Here’s what gave me a kick when I started out — as a hobbyist over 10 years ago. I don’t think much of it holds true today.

Instant feedback.

Write HTML.
Ctrl+S for save.
Alt+Tab for switching to the browser.
Ctrl+R for reload.

It was all that simple. Three steps.

Narrow scope.

Since web applications weren’t a thing, you could complete projects fairly quickly and it wouldn’t be so hard to maintain even for a single person. The biggest parts of your job were creativity, designing, and fighting browsers. At least on the frontend side of things.

The landscape today, to put it plainly, is fucked.

Participation in a global network.

Honestly, a big, big one. Grab some HTML, CSS, and JavaScript files, put them on a hard disk that someone is renting to you (this was a very tangible process), and everyone around the globe could enter a few letters to reach something you made. Everyone!

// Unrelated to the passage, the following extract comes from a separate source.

(* Let $v^1,\dots,v^k$ be a basis of $\mathfrak h^*$, let $G=(G^{ab})$ with $G^{ab}=(v^a|v^b)$ be the Gram matrix and $(G_{ab})=G^{-1}$ its inverse. For a real root $\alpha=\sum_{a=1}^k\alpha_a v^a$ define the real $k\times k$ matrix $X(\alpha)$ by $$X(\alpha)_{ab}=-\tfrac12\alpha_a\alpha_b+\tfrac14 G_{ab}.$$ Then for all $\alpha,\beta\in\lambda$ the matrices $X(\alpha)$ are symmetric, $X(\alpha)GX(\beta)-X(\beta)GX(\alpha)=0$ if $(\alpha|\beta)=0$, and $X(\alpha)GX(\beta)+X(\beta)GX(\alpha)=\frac12X(\alpha\pm\beta)$ if $(\alpha|\beta)=\mp1$ and $\alpha\pm\beta\in\lambda$. In particular, with $\phi^a_\gamma=v^a\otimes f_\gamma$ in the Clifford algebra $\mathcal S$ defined below and $\widehat J(\alpha_i):=\sum_{a,b=1}^k\sum_{\gamma,\delta=1}^lX(\alpha_i)_{ab}\Gamma(\alpha_i)_{\gamma\delta}\phi^a_\gamma\phi^b_\delta$ (the image of $X(\alpha_i)\otimes\Gamma(\alpha_i)$ in $\mathcal S$), the assignment $X_i\mapsto\widehat J(\alpha_i)$ extends to a Lie algebra homomorphism $\mathfrak k\to(\mathcal S,[\cdot,\cdot])$, i.e. a finite-dimensional representation of $\mathfrak k$.
   Context: Let $A=(a_{ij})_{1\le i,j\le n}$ be a symmetrizable simply laced generalized Cartan matrix (off-diagonal entries $0$ or $-1$); the Dynkin diagram has an edge between $i\ne j$ iff $a_{ij}=-1$. Let $\mathfrak g$ be the split real Kac–Moody algebra of $A$ with Chevalley generators $e_i,f_i$, Cartan subalgebra $\mathfrak h$ (from a real realization, so $\dim\mathfrak h^*=2n-\mathrm{rk}(A)$), simple roots $\alpha_1,\dots,\alpha_n\in\mathfrak h^*$, real roots $\Delta^{\mathrm{re}}$, and let $(\cdot|\cdot)$ be the nondegenerate invariant symmetric bilinear form induced on $\mathfrak h^*$, with $(\alpha_i|\alpha_j)=a_{ij}$. Let $\mathfrak k$ be the fixed-point subalgebra of the Chevalley involution ($e_i\mapsto -f_i$, $f_i\mapsto-e_i$, $h\mapsto -h$), with Berman generators $X_i=e_i-f_i$; $\mathfrak k$ is presented by generators $X_1,\dots,X_n$ and relations $[X_i,[X_i,X_j]]=-X_j$ if $a_{ij}=-1$, $[X_i,X_j]=0$ if $a_{ij}=0$. Let $\lambda$ be the set of real roots consisting of the simple roots together with all $\alpha_i+\alpha_j$ for $i,j$ forming an edge of the Dynkin diagram. A generalized spin representation is a representation $\rho$ of $\mathfrak k$ with $\rho(X_i)^2=-\frac14\mathrm{id}$. Fix a finite-dimensional real vector space $S$ with positive definite inner product $q_2$ and orthonormal basis $f_1,\dots,f_l$, and a generalized spin representation $\rho:\mathfrak k\to\mathrm{End}(S)$ whose values $\rho(X_i)$ are anti-symmetric real matrices in this basis (such exist, e.g. by realifying the generalized spin representations with compact image of Hainke–Köhl–Levy); put $\Gamma(\alpha_i):=2\rho(X_i)$. Let $q$ be the symmetric bilinear form on $\mathfrak h^*\otimes S$ with $q(v^a\otimes f_\gamma,v^b\otimes f_\delta)=G^{ab}\delta_{\gamma\delta}$ and $\mathcal S$ the Clifford algebra: the tensor algebra of $\mathfrak h^*\otimes S$ modulo the ideal generated by $w\otimes w-\frac12q(w,w)\cdot1$ (so $vw+wv=q(v,w)$). *)

theory Defs
  imports "HOL-Analysis.Analysis"
begin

I suppose the novelty has worn off a little with time and abstractions.

Predictable deadlines.

Thanks to narrow scopes, predicting how long a project would take wasn’t a wild, wild, wild, wild guess. Along with of course, many teams having similar stacks and pipelines.

Now? Everything is a language to a language. HTML is abstracted. CSS is abstracted. JS is abstracted. The number of technologies that can be used to build for the web, essentially, has shot up.


Inclusivity was perhaps an accident. You were writing and building for everyone because of the server-client architecture at the time. Computation was done server-side, right? You never assumed all of your audience had powerful computing devices.